◆ WHAT YOU SHOULD DO: Using "obtain" as the search string, find the matching lines below and copy them.

** INPUT follows **

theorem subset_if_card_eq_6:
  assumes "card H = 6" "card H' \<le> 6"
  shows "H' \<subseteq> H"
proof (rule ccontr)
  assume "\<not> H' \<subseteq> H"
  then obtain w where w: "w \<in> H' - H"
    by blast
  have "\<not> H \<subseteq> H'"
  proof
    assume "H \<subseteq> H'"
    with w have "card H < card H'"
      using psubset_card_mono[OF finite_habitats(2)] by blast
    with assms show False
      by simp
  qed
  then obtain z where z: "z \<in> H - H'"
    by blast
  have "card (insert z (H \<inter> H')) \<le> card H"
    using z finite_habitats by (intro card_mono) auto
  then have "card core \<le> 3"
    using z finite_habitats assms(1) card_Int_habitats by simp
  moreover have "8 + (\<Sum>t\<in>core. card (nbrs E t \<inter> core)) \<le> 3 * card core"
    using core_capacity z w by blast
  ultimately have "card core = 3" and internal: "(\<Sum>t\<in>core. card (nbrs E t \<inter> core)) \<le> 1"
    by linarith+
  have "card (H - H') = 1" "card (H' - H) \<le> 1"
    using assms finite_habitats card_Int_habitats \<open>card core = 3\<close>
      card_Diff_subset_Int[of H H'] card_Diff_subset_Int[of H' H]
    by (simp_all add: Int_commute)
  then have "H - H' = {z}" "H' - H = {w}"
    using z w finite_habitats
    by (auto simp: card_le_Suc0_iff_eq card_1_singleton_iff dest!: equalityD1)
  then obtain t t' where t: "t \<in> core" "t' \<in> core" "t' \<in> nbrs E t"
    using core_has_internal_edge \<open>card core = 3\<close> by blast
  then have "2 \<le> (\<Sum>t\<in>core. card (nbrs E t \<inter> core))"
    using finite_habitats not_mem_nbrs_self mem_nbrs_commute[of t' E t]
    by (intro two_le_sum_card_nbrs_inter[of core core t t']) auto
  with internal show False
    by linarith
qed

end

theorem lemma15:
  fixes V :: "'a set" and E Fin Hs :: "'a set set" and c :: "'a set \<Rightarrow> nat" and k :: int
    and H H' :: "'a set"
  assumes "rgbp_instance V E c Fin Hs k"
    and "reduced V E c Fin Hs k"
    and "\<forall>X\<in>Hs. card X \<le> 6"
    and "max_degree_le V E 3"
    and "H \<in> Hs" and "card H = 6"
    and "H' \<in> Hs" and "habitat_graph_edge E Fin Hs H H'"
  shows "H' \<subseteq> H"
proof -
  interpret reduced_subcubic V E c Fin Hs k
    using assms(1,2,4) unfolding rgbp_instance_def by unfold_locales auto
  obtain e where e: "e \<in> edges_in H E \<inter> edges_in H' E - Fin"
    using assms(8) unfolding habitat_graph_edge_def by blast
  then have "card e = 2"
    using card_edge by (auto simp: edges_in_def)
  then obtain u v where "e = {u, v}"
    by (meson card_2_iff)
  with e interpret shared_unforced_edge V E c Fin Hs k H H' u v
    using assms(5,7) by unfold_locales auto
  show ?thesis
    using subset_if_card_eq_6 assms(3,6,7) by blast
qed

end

** End of INPUT **

◆ ANSWER SECTION:
  then obtain w where w: "w \<in> H' - H"
  then obtain z where z: "z \<in> H - H'"
  then obtain t t' where t: "t \<in> core" "t' \<in> core" "t' \<in> nbrs E t"
  obtain e where e: "e \<in> edges_in H E \<inter> edges_in H' E - Fin"
  then obtain u v where "e = {u, v}"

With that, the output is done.